Saved data entries

----

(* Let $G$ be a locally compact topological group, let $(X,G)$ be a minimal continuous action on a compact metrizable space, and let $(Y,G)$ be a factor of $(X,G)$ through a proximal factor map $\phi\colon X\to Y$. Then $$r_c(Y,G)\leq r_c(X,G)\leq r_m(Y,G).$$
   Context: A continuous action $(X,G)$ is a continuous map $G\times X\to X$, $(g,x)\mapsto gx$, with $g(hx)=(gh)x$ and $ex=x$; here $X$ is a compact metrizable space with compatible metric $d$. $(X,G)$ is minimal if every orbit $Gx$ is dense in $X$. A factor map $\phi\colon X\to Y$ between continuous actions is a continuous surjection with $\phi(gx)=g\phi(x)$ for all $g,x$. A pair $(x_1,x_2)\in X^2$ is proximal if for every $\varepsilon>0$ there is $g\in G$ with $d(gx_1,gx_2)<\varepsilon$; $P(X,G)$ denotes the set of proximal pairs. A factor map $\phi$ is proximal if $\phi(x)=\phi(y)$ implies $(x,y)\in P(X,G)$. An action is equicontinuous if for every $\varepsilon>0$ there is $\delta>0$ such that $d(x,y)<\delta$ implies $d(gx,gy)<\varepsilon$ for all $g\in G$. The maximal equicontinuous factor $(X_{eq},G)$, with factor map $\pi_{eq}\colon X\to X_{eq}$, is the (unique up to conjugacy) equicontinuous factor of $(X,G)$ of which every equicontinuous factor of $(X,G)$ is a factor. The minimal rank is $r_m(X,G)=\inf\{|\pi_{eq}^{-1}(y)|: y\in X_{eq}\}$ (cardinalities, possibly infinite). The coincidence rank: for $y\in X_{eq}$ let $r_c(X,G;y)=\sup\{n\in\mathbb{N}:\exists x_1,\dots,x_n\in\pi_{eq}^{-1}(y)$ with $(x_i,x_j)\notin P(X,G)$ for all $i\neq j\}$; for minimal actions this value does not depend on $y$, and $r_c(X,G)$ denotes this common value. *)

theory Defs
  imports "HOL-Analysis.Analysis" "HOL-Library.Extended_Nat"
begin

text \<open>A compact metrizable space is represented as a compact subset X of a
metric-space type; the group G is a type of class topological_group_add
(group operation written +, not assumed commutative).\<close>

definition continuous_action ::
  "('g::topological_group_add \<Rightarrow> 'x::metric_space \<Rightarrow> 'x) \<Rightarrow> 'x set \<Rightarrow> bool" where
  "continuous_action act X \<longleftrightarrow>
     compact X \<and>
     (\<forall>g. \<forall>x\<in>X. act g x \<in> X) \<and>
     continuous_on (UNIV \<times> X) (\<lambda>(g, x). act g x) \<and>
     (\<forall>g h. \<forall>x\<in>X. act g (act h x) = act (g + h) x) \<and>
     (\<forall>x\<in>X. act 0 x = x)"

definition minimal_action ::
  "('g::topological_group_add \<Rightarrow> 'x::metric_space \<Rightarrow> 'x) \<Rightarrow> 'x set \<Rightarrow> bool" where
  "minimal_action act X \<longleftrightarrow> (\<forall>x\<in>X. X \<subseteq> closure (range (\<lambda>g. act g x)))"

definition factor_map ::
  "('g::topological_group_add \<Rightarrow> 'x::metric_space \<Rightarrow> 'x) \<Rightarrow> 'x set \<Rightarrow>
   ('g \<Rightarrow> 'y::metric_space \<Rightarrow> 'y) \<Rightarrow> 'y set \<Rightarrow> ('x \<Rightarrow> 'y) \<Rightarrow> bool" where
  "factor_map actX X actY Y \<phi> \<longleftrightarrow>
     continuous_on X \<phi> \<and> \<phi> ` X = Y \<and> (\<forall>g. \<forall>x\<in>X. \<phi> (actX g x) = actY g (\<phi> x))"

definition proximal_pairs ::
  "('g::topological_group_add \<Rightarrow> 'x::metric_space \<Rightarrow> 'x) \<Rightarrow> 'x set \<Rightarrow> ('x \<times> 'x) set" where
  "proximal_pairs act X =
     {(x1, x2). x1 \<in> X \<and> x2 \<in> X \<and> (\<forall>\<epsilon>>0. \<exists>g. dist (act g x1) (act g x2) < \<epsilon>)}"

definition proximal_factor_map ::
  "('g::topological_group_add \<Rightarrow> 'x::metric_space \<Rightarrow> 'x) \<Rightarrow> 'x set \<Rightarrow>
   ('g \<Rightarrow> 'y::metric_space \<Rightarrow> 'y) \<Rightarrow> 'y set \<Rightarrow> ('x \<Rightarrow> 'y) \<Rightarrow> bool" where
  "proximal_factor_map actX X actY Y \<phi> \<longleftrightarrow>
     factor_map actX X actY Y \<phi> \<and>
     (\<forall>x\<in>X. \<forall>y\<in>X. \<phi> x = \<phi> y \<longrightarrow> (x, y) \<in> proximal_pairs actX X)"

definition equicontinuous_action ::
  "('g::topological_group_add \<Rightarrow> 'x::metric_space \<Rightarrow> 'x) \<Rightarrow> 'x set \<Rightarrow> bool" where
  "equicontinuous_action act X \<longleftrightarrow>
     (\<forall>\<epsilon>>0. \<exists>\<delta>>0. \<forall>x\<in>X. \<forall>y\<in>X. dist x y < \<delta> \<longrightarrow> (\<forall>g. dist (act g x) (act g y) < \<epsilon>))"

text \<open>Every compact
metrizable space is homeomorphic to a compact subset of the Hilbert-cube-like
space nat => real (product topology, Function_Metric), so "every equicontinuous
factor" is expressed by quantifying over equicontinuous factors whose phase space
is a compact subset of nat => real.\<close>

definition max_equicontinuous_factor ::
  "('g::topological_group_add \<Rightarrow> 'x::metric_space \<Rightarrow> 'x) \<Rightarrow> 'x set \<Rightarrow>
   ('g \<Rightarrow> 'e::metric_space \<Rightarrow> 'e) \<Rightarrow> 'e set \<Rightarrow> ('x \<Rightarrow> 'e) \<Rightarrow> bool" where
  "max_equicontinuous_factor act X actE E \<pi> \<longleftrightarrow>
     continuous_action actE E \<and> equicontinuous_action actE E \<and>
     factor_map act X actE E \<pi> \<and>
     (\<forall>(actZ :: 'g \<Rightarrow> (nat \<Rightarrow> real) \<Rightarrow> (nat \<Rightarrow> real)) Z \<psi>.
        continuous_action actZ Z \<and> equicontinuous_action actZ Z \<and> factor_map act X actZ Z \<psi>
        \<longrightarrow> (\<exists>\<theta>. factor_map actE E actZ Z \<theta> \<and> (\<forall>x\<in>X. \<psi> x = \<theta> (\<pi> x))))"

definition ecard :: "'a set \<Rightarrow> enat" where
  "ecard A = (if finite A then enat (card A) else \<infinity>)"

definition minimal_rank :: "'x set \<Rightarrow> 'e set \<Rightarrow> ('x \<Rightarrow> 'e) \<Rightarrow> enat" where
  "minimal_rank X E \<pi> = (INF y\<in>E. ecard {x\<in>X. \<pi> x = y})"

----

**Exercise**
Return only the part of the records above that opens with the line containing "whose phase space" and closes with the line containing "factor_map act X actE E \<pi> \<and>", ends included.

**Answer space**
factor" is expressed by quantifying over equicontinuous factors whose phase space
is a compact subset of nat => real.\<close>

definition max_equicontinuous_factor ::
  "('g::topological_group_add \<Rightarrow> 'x::metric_space \<Rightarrow> 'x) \<Rightarrow> 'x set \<Rightarrow>
   ('g \<Rightarrow> 'e::metric_space \<Rightarrow> 'e) \<Rightarrow> 'e set \<Rightarrow> ('x \<Rightarrow> 'e) \<Rightarrow> bool" where
  "max_equicontinuous_factor act X actE E \<pi> \<longleftrightarrow>
     continuous_action actE E \<and> equicontinuous_action actE E \<and>
     factor_map act X actE E \<pi> \<and>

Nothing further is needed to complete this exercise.